Watt, who was born in Sydney but grew up in New Zealand, entered the world of hospitality as a waiter, and thought he could never be a chef, “cleaning up at the end of the day, what a nightmare”. But after some time in the kitchen at hospitality school, he fell in love with cooking.

“I love the creative aspect of food and the energy in the kitchen, the energy of service. I’ve always worked in busy, high-quality restaurants where there’s a passion to get everything perfect on the plate and to know that you’ve got backed-up orders,” he says.

Growing up around the water in Auckland and Sydney gave Watt an affinity with the ocean and a love of seafood.
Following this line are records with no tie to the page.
(* Let $p$ be a prime and let $H$ be a finite non-abelian group whose order is not divisible by $p$. Let $W\cong H\wr C$ where $C$ is cyclic of order $p$ (the regular wreath product, with base group $H^p$ permuted cyclically by $C$), and let $x\in W$ have order $p$. Then there exists $w\in W$ such that $x^w x$ is not a $p$-element. *)

theory Defs
  imports "HOL-Algebra.Algebra"
begin

text \<open>Elements are pairs (f, a) with f : {0..<p} \<rightarrow> carrier H
  (extensional) and a \<in> {0..<p} (the cyclic group Z/pZ written additively);
  C_p permutes the p coordinates of the base group cyclically:
  (f, a) * (g, b) = (\<lambda>i. f i * g ((i + a) mod p), (a + b) mod p).\<close>

definition wreath_cyc :: "('a, 'b) monoid_scheme \<Rightarrow> nat \<Rightarrow> ((nat \<Rightarrow> 'a) \<times> nat) monoid" where
  "wreath_cyc H p =
     \<lparr> carrier = {(f, a). f \<in> {0..<p} \<rightarrow>\<^sub>E carrier H \<and> a < p},
       monoid.mult = (\<lambda>(f, a) (g, b).
                 (\<lambda>i\<in>{0..<p}. f i \<otimes>\<^bsub>H\<^esub> g ((i + a) mod p), (a + b) mod p)),
       one = (\<lambda>i\<in>{0..<p}. \<one>\<^bsub>H\<^esub>, 0) \<rparr>"

definition conj_elt :: "('a, 'b) monoid_scheme \<Rightarrow> 'a \<Rightarrow> 'a \<Rightarrow> 'a" where
  "conj_elt G x w = inv\<^bsub>G\<^esub> w \<otimes>\<^bsub>G\<^esub> x \<otimes>\<^bsub>G\<^esub> w"

definition p_element :: "('a, 'b) monoid_scheme \<Rightarrow> nat \<Rightarrow> 'a \<Rightarrow> bool" where
  "p_element G p x \<longleftrightarrow> (\<exists>k. group.ord G x = p ^ k)"

end

theory Submission
  imports Defs "HOL-Number_Theory.Cong"
begin

(* An element x of order p in H wr C_p has nonzero top component a, and the product of its base
   coordinates along the p-cycle is trivial; hence a base element conjugates it to rot a = (1, a).
   For a base element d = (h, 0), (rot a)^d rot a = (i \<mapsto> h(i)^-1 h(i + a), 2a).  Take h
   supported on {0, a} with non-commuting values u, v.  For p = 2 this element already lies in the
   base group and is nontrivial; for odd p its p-th power lies in the base group, and reading the
   cycle product from the coordinate -a (the step 2a reaches a after one step and 0 after (p + 1)/2
   steps) gives u v^-1 u^-1 v \<noteq> 1.  Finally, p \<not>| |H| forces every p-element of the base group
   H^p to be trivial, so neither element can be a p-element. *)

fun seq_prod :: "('a, 'b) monoid_scheme \<Rightarrow> (nat \<Rightarrow> 'a) \<Rightarrow> nat \<Rightarrow> 'a" where
  "seq_prod G s 0 = \<one>\<^bsub>G\<^esub>"
| "seq_prod G s (Suc n) = seq_prod G s n \<otimes>\<^bsub>G\<^esub> s n"

lemma (in group) seq_prod_closed:
  "(\<And>k. k < n \<Longrightarrow> s k \<in> carrier G) \<Longrightarrow> seq_prod G s n \<in> carrier G"
  by (induction n) auto

lemma (in group) seq_prod_const: "c \<in> carrier G \<Longrightarrow> seq_prod G (\<lambda>_. c) n = c [^] n"
  by (induction n) auto

lemma (in group) seq_prod_trailing_ones:
  assumes "m \<le> n" "\<And>k. m \<le> k \<Longrightarrow> k < n \<Longrightarrow> s k = \<one>" "\<And>k. k < n \<Longrightarrow> s k \<in> carrier G"
  shows "seq_prod G s n = seq_prod G s m"
  using assms by (induction n) (auto simp: le_Suc_eq seq_prod_closed)

lemma (in group) seq_prod_three_support:
  assumes "1 < m" "m < n" "\<And>k. k < n \<Longrightarrow> s k \<in> carrier G"
    and "\<And>k. k < n \<Longrightarrow> k \<notin> {0, 1, m} \<Longrightarrow> s k = \<one>"
  shows "seq_prod G s n = s 0 \<otimes> s 1 \<otimes> s m"
proof -
  have "seq_prod G s n = seq_prod G s (Suc m)"
    by (rule seq_prod_trailing_ones) (use assms in auto)
  also have "\<dots> = seq_prod G s m \<otimes> s m"
    by simp
  also have "seq_prod G s m = seq_prod G s 2"
    by (rule seq_prod_trailing_ones) (use assms in auto)
  also have "seq_prod G s 2 = s 0 \<otimes> s 1"
    using assms by (simp add: numeral_2_eq_2)
  finally show ?thesis .
qed

lemma (in group) seq_prod_reindex_three_support:
  assumes inj: "inj_on \<pi> {..<n}" and m: "1 < m" "m < n"
    and closed: "\<And>k. k < n \<Longrightarrow> g (\<pi> k) \<in> carrier G"
    and ones: "\<And>k. k < n \<Longrightarrow> \<pi> k \<notin> {\<pi> 0, \<pi> 1, \<pi> m} \<Longrightarrow> g (\<pi> k) = \<one>"
  shows "seq_prod G (\<lambda>k. g (\<pi> k)) n = g (\<pi> 0) \<otimes> g (\<pi> 1) \<otimes> g (\<pi> m)"
proof (rule seq_prod_three_support[OF m closed])
  fix k assume k: "k < n" "k \<notin> {0, 1, m}"
  have "\<pi> k \<noteq> \<pi> j" if j: "j \<in> {0, 1, m}" for j
  proof
    assume "\<pi> k = \<pi> j"
    moreover have "j < n"
      using j m by auto
    ultimately have "k = j"
      using k(1) by (meson inj inj_onD lessThan_iff)
    with j k(2) show False
      by simp
  qed
  then show "g (\<pi> k) = \<one>"
    using ones k(1) by blast
qed

lemma (in group) commute_if_commutator_eq_one:
  assumes u: "u \<in> carrier G" and v: "v \<in> carrier G" and e: "u \<otimes> inv v \<otimes> (inv u \<otimes> v) = \<one>"
  shows "u \<otimes> v = v \<otimes> u"
proof -
  have "inv (inv u \<otimes> v) = u \<otimes> inv v"
    using e u v by (intro inv_equality) auto
  then have swap: "inv v \<otimes> u = u \<otimes> inv v"
    using u v by (simp add: inv_mult_group)
  have "u \<otimes> v = v \<otimes> (inv v \<otimes> u) \<otimes> v"
    using u v by (simp add: m_assoc[symmetric])
  also have "\<dots> = v \<otimes> u"
    using u v by (simp add: swap m_assoc)
  finally show ?thesis .
qed

lemma (in group) conjugation_iso: "c \<in> carrier G \<Longrightarrow> (\<lambda>z. inv c \<otimes> z \<otimes> c) \<in> iso G G"
  unfolding iso_iff
proof (intro conjI)
  assume c: "c \<in> carrier G"
  have cancel: "c \<otimes> (inv c \<otimes> z) = z" "inv c \<otimes> (c \<otimes> z) = z" if "z \<in> carrier G" for z
    using c that by (simp_all add: m_assoc[symmetric])
  show "(\<lambda>z. inv c \<otimes> z \<otimes> c) \<in> hom G G"
    using c by (auto simp: hom_def m_assoc cancel)
  show "(\<lambda>z. inv c \<otimes> z \<otimes> c) ` carrier G = carrier G"
  proof
    show "carrier G \<subseteq> (\<lambda>z. inv c \<otimes> z \<otimes> c) ` carrier G"
    proof
      fix y assume y: "y \<in> carrier G"
      then have "y = inv c \<otimes> (c \<otimes> y \<otimes> inv c) \<otimes> c"
        using c by (simp add: m_assoc cancel)
      then show "y \<in> (\<lambda>z. inv c \<otimes> z \<otimes> c) ` carrier G"
        using c y by blast
    qed
  qed (use c in auto)
  show "inj_on (\<lambda>z. inv c \<otimes> z \<otimes> c) (carrier G)"
    using c by (auto simp: inj_on_def)
qed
However, he believes the best cultural cuisine of seafood is Japanese.

“So, at 23, I took myself off to Tokyo and studied Japanese food. After that, I discovered South-east Asia—mainly Thailand and Vietnam. My wife and I honeymooned in Vietnam in 2004 and that’s when the love of Vietnamese cuisine came through.”

Watt’s incredible attention to detail combined with his big-picture savvy has seen him reach Michelin-star success. His CV reads like a ‘how-to’ guide to climbing the prestigious food chain. In London he worked in Michelin-starred restaurant Nobu, before moving back to New Zealand in 2001 as executive chef at the prestigious Huku Lodge where he cooked for the Queen and other celebrities.

Then it was back to England where he co-founded the contemporary Japanese sensation, Roka in 2004. However, in 2012 Watt decided it was time to take his family home to New Zealand.

Watt believes Adelaide’s food landscape is going through positive growth, and he cites his favourite restaurant as Peel Street (after Madame Hanoi, of course). “I think it’s an exciting time to be involved with Adelaide and the developments that are coming in—the [Royal Adelaide] hospital, the Casino and the Adelaide Oval. I think the city is on a fantastic trajectory up and it’s a really exciting time to be involved,” he says.